HTTP/1.1 404 Not Found
Date: Sat, 16 May 2009 03:43:06 GMT
Server: Apache/1.3.33
X-Powered-By: PHP/5.2.10-dev
Set-Cookie: SESSd62a0dd407ed7b169d8e935e80db7b4c=c2dbcf35da8c545d04866f51d241ecb9; expires=Mon, 08-Jun-2009 07:16:33 GMT; path=/; domain=. example.com
Expires: Sun, 19 Nov 1978 05:00:00 GMT
Last-Modified: Sat, 16 May 2009 03:43:13 GMT
Cache-Control: store, no-cache, must-revalidate
Cache-Control: post-check=0, pre-check=0
Cache-Control: max-age=1209600
Expires: Sat, 30 May 2009 03:43:06 GMT
Location: http://example.com/new_location
Transfer-Encoding: chunked
Content-Type: text/html; charset=utf-8

Tested with PHP 5.2.8, 5.2.9 and latest CVS snapshot

GET /b1 HTTP/1.1
Host: host_with_mod_php4

HTTP/1.1 301 Moved Permanently
Date: Sat, 16 May 2009 03:44:33 GMT
Server: Apache/1.3.33
Cache-Control: store, no-cache, must-revalidate
Expires: Sun, 19 Nov 1978 05:00:00 GMT
X-Powered-By: PHP/4.3.10
Set-Cookie: SESSdfdd77ce611e8b8fa2de6ee9fb8957a7=98af664c1448c514cf1f2c50e4c41c0e; expires=Mon, 08-Jun-2009 07:17:59 GMT; path=/; domain=.example.com
Last-Modified: Sat, 16 May 2009 03:44:39 GMT
Cache-Control: post-check=0, pre-check=0
Location: http://example.com/new_location
Transfer-Encoding: chunked
Content-Type: text/html; charset=utf-8

There is something wrong with headers when using php-cgi
I even can't log in.

Tested on Drupal 6.11
Fix in #24 fixed only Page Not Found, but there are some problem with redirection as well.

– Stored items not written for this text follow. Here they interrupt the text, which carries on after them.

(* Let $\alpha\ge0$, $\beta\ge\alpha/2$, let $W^0$ be a Brownian motion with generated $\sigma$-algebra $\mathcal W^0$, and let $Y$ be a solution of $$dY(t)=\beta\,\mathbb E[Y(t)\mid\mathcal W^0]\,dt+\sqrt{\alpha\,Y(t)\,\mathbb E[Y(t)\mid\mathcal W^0]}\,dB_t+Y(t)\,dW^0_t$$ (with $B$ a Brownian motion independent of $W^0$), whose conditional law given $\mathcal W^0$ coincides with the solution $\rho$ of the SPDE $$d\rho_t=\Big(\tfrac{\alpha}{2}\langle\rho_t,\mathrm{id}_x\rangle\partial_x^2(x\rho_t)+\tfrac12\partial_x^2(x^2\rho_t)-\beta\langle\rho_t,\mathrm{id}_x\rangle\partial_x\rho_t\Big)dt-\partial_x(x\rho_t)\,dW^0_t,$$ under the assumptions (B1) $\alpha\ge0$, $\beta\ge\alpha/2$; (B2) strictly positive i.i.d. initial values with finite first and second moments; (B3) convergence of the laws of the empirical initial measures to $\delta_\lambda$ in $M(M_1(\mathbb R_{++}))$. Let $Y_1,\dots,Y_N$ be identically distributed copies of $Y$, conditionally independent given $\mathcal W^0$, obtained by taking $N$ independent Brownian motions in place of $B$. Then for almost every $t\in[0,T]$ and every bounded continuous $\varphi$, $$\sqrt{\mathbb E\Big[\Big|\frac1N\sum_{i=1}^N\varphi(Y_i(t))-\langle\rho_t,\varphi\rangle\Big|^2\,\Big|\,\mathcal W^0\Big]}\le\frac{C_\varphi}{\sqrt N},$$ with a constant $C_\varphi$ depending only on $\varphi$.
   Context: $\langle\mu,f\rangle=\int fd\mu$, $\mathrm{id}_x(x)=x$; $M_1(E)$: probability measures on $E$ with finite first moment, Wasserstein-1 topology; $\mathbb R_{++}=(0,\infty)$. The conditional law $\mathcal L(Y(t)\mid\mathcal W^0)$ is defined by $\langle\mathcal L(Y(t)\mid\mathcal W^0),\varphi\rangle=\mathbb E[\varphi(Y(t))\mid\mathcal W^0]$. *)

theory Defs
  imports "HOL-Probability.Probability"
begin

definition cond_indep_vars_real ::
  "'a measure \<Rightarrow> 'a measure \<Rightarrow> 'i set \<Rightarrow> ('i \<Rightarrow> 'a \<Rightarrow> real) \<Rightarrow> bool" where
  "cond_indep_vars_real M F I X \<longleftrightarrow>
     (\<forall>J f. finite J \<and> J \<subseteq> I \<and>
        (\<forall>j\<in>J. f j \<in> borel_measurable borel \<and> (\<exists>B. \<forall>y. \<bar>f j y\<bar> \<le> B)) \<longrightarrow>
        (AE \<omega> in M. real_cond_exp M F (\<lambda>x. \<Prod>j\<in>J. f j (X j x)) \<omega>
                    = (\<Prod>j\<in>J. real_cond_exp M F (\<lambda>x. f j (X j x)) \<omega>)))"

Voting for patch #24 to be in the core.

It's related to following PHP bugs, none of them have proper solution:
http://bugs.php.net/bug.php?id=20943
http://bugs.php.net/bug.php?id=3884
http://bugs.php.net/bug.php?id=11375
http://bugs.php.net/bug.php?id=20416
http://bugs.php.net/bug.php?id=41661

Proper link to: RFC3875
http://www.ietf.org/rfc/rfc3875

See section:
6.3.3. Status

http://bugs.php.net/bug.php?id=40472

This is a configuration issue. When using PHP in CGI/FastCGI mode with CGI/1.1 compliant servers (Apache, Lighttpd, etc.) you *have* to set cgi.rfc2616-headers = 0 (which is the default).

The PHP manual has a wise word of caution:

Leave it set to 0 unless you know what you're doing.